What is expected: Return only the stretch of the material below that begins with the line containing "R u v S) | S." and ends with the line containing "using exp_converges[of s]", exactly; both of those lines belong to it.

Records for this exercise:
-- Opening Marker --
(* Let $R$ be an $n\times n$ nonnegative matrix with entrywise positive left and right eigenvectors $u$ and $v$ for the PF eigenvalue $1$, normalized so that $\langle u,v\rangle=1$, and let $\kappa=\min_iu_iv_i$. Then for every $0<\epsilon<1$ the mixing time of the continuous-time operator satisfies \[ \frac{\frac12-\epsilon}{\phi(R)}\le\tau_\epsilon(\exp(R-I))\le\frac{100\cdot\ln\!\left(\frac{n}{\kappa\cdot\epsilon}\right)}{\phi^2(R)}. \]
   Context: $\exp(M)=\sum_{i\ge0}M^i/i!$. The continuous mixing time $\tau_\epsilon(\exp(R-I))$ is the infimum of real $t\ge0$ such that $\|D_u(\exp(t(R-I))-vu^T)x\|_1\le\epsilon$ for every real $x$ with $\|D_ux\|_1=1$, where $D_u$ is the diagonal matrix with $u$ on the diagonal. $\phi(R)=\min\phi_S(R)$ over nonempty $S\subseteq[n]$ with $\sum_{i\in S}u_iv_i\le\frac12$, where $\phi_S(R)=\langle\mathbf 1_S,D_uRD_v\mathbf 1_{\overline S}\rangle/\langle\mathbf 1_S,D_uRD_v\mathbf 1\rangle$ and $\mathbf 1_S$ is the indicator vector of $S$ (bounds with $\phi(R)=0$ are read as $+\infty$). *)

theory Defs
  imports "HOL-Analysis.Analysis"
begin

text \<open>n x n real matrices are represented as functions nat => nat => real,
  only the entries with indices below n being relevant; vectors as nat => real.\<close>

definition id_mat :: "nat \<Rightarrow> nat \<Rightarrow> real" where
  "id_mat i j = (if i = j then 1 else 0)"

definition mat_mult :: "nat \<Rightarrow> (nat \<Rightarrow> nat \<Rightarrow> real) \<Rightarrow> (nat \<Rightarrow> nat \<Rightarrow> real) \<Rightarrow> nat \<Rightarrow> nat \<Rightarrow> real" where
  "mat_mult n A B i j = (\<Sum>k<n. A i k * B k j)"

fun mat_pow :: "nat \<Rightarrow> (nat \<Rightarrow> nat \<Rightarrow> real) \<Rightarrow> nat \<Rightarrow> nat \<Rightarrow> nat \<Rightarrow> real" where
  "mat_pow n A 0 = id_mat"
| "mat_pow n A (Suc k) = mat_mult n (mat_pow n A k) A"

definition mat_exp :: "nat \<Rightarrow> (nat \<Rightarrow> nat \<Rightarrow> real) \<Rightarrow> nat \<Rightarrow> nat \<Rightarrow> real" where
  "mat_exp n M i j = (\<Sum>k. mat_pow n M k i j / fact k)"

text \<open>Continuous mixing time tau_eps(exp(R - I)); infimum over the empty set is +infinity.\<close>
definition mixing_time_cont ::
  "nat \<Rightarrow> (nat \<Rightarrow> nat \<Rightarrow> real) \<Rightarrow> (nat \<Rightarrow> real) \<Rightarrow> (nat \<Rightarrow> real) \<Rightarrow> real \<Rightarrow> ereal" where
  "mixing_time_cont n R u v \<epsilon> = Inf (ereal ` {t. t \<ge> 0 \<and>
     (\<forall>x :: nat \<Rightarrow> real. (\<Sum>i<n. \<bar>u i * x i\<bar>) = 1 \<longrightarrow>
        (\<Sum>i<n. \<bar>u i * (\<Sum>j<n. (mat_exp n (\<lambda>a b. t * (R a b - id_mat a b)) i j - v i * u j) * x j)\<bar>) \<le> \<epsilon>)})"

definition edge_expansion_set ::
  "nat \<Rightarrow> (nat \<Rightarrow> nat \<Rightarrow> real) \<Rightarrow> (nat \<Rightarrow> real) \<Rightarrow> (nat \<Rightarrow> real) \<Rightarrow> nat set \<Rightarrow> real" where
  "edge_expansion_set n R u v S =
     (\<Sum>i\<in>S. \<Sum>j\<in>{..<n} - S. u i * R i j * v j) / (\<Sum>i\<in>S. \<Sum>j<n. u i * R i j * v j)"

text \<open>phi(R); as an extended real, with the (only for n = 1 occurring) empty minimum read as +infinity.\<close>
definition edge_expansion ::
  "nat \<Rightarrow> (nat \<Rightarrow> nat \<Rightarrow> real) \<Rightarrow> (nat \<Rightarrow> real) \<Rightarrow> (nat \<Rightarrow> real) \<Rightarrow> ereal" where
  "edge_expansion n R u v = Inf {ereal (edge_expansion_set n R u v S) | S.
      S \<noteq> {} \<and> S \<subseteq> {..<n} \<and> (\<Sum>i\<in>S. u i * v i) \<le> 1/2}"

end

(* Conjugating R by diag v gives a Markov operator P with stationary distribution \<pi> = u v,
   and exp (t (R - I)) (v h) = v exp (t (P - I)) h; so the mixing error of x is the \<pi>-weighted
   L1 distance of the continuous-time walk started from h = x / v to its mean.

   Upper bound: the discrete co-area inequality turns the edge expansion \<phi> into Cheeger's
   inequality energy g \<ge> \<phi>^2/8 |g|^2 for mean-zero g (splitting g at a median), so the lazy
   walk T = (I + P)/2 contracts the variance by 1 - \<phi>^2/16.  As t (R - I) = 2 t (L - I) for
   the lazy matrix L = (I + R)/2, the error decays like exp (- t \<phi>^2/16) / sqrt \<kappa>.

   Lower bound: started from \<pi> conditioned on a set S with \<pi> S \<le> 1/2, each step of the walk
   moves at most \<phi> S of mass out of S, so by time t at most t \<phi> S has left and the error is
   at least 1 - 2 t \<phi> S. *)

theory Submission
  imports Defs
begin

section \<open>Exponentials of matrices\<close>

lemma exp_real_sums: "(\<lambda>m. s^m / fact m) sums exp (s::real)"
  using exp_converges[of s] by (simp add: divide_inverse mult.commute)

lemma sums_exp_times_index: "(\<lambda>m. s^m / fact m * real m) sums (s * exp (s::real))"
proof -
  have "(\<lambda>m. s^(Suc m) / fact (Suc m) * real (Suc m)) = (\<lambda>m. s * (s^m / fact m))"
    by (intro ext) (simp add: divide_simps)
  then have "(\<lambda>m. s^(Suc m) / fact (Suc m) * real (Suc m)) sums (s * exp s)"
    using sums_mult[OF exp_real_sums] by simp
  then show ?thesis by (subst (asm) sums_Suc_iff) simp
qed

lemma sum_binomial_Suc:
  fixes c :: real
  shows "(\<Sum>m\<le>Suc k. of_nat (Suc k choose m) * c^(Suc k - m) * a m) =
    (\<Sum>m\<le>k. of_nat (k choose m) * c^(k - m) * a (Suc m)) +
    c * (\<Sum>m\<le>k. of_nat (k choose m) * c^(k - m) * a m)"
proof -
  have "(\<Sum>m\<le>Suc k. of_nat (Suc k choose m) * c^(Suc k - m) * a m) =
      (c^(Suc k) * a 0 + (\<Sum>m\<le>k. of_nat (k choose Suc m) * c^(k - m) * a (Suc m)))
      + (\<Sum>m\<le>k. of_nat (k choose m) * c^(k - m) * a (Suc m))"
    by (subst sum.atMost_Suc_shift) (simp add: sum.distrib algebra_simps)
  also have "c^(Suc k) * a 0 + (\<Sum>m\<le>k. of_nat (k choose Suc m) * c^(k - m) * a (Suc m)) =
      (\<Sum>m\<le>Suc k. of_nat (k choose m) * c^(Suc k - m) * a m)"
    unfolding sum.atMost_Suc_shift by simp
  also have "\<dots> = (\<Sum>m\<le>k. of_nat (k choose m) * c^(Suc k - m) * a m)"
    by (simp add: binomial_eq_0)
  also have "\<dots> = c * (\<Sum>m\<le>k. of_nat (k choose m) * c^(k - m) * a m)"
    unfolding sum_distrib_left by (intro sum.cong) (auto simp: Suc_diff_le)
  finally show ?thesis by (simp add: add.commute)
qed

lemma mat_pow_scale: "mat_pow n (\<lambda>a b. s * B a b) k i j = s^k * mat_pow n B k i j"
  by (induction k arbitrary: j) (simp_all add: mat_mult_def sum_distrib_left algebra_simps)

lemma mat_mult_id_right: "j < n \<Longrightarrow> mat_mult n A id_mat i j = A i j"
  by (simp add: mat_mult_def id_mat_def if_distrib cong: if_cong)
-- Closing Marker --
Reply:
  "edge_expansion n R u v = Inf {ereal (edge_expansion_set n R u v S) | S.
      S \<noteq> {} \<and> S \<subseteq> {..<n} \<and> (\<Sum>i\<in>S. u i * v i) \<le> 1/2}"

end

(* Conjugating R by diag v gives a Markov operator P with stationary distribution \<pi> = u v,
   and exp (t (R - I)) (v h) = v exp (t (P - I)) h; so the mixing error of x is the \<pi>-weighted
   L1 distance of the continuous-time walk started from h = x / v to its mean.

   Upper bound: the discrete co-area inequality turns the edge expansion \<phi> into Cheeger's
   inequality energy g \<ge> \<phi>^2/8 |g|^2 for mean-zero g (splitting g at a median), so the lazy
   walk T = (I + P)/2 contracts the variance by 1 - \<phi>^2/16.  As t (R - I) = 2 t (L - I) for
   the lazy matrix L = (I + R)/2, the error decays like exp (- t \<phi>^2/16) / sqrt \<kappa>.

   Lower bound: started from \<pi> conditioned on a set S with \<pi> S \<le> 1/2, each step of the walk
   moves at most \<phi> S of mass out of S, so by time t at most t \<phi> S has left and the error is
   at least 1 - 2 t \<phi> S. *)

theory Submission
  imports Defs
begin

section \<open>Exponentials of matrices\<close>

lemma exp_real_sums: "(\<lambda>m. s^m / fact m) sums exp (s::real)"
  using exp_converges[of s] by (simp add: divide_inverse mult.commute)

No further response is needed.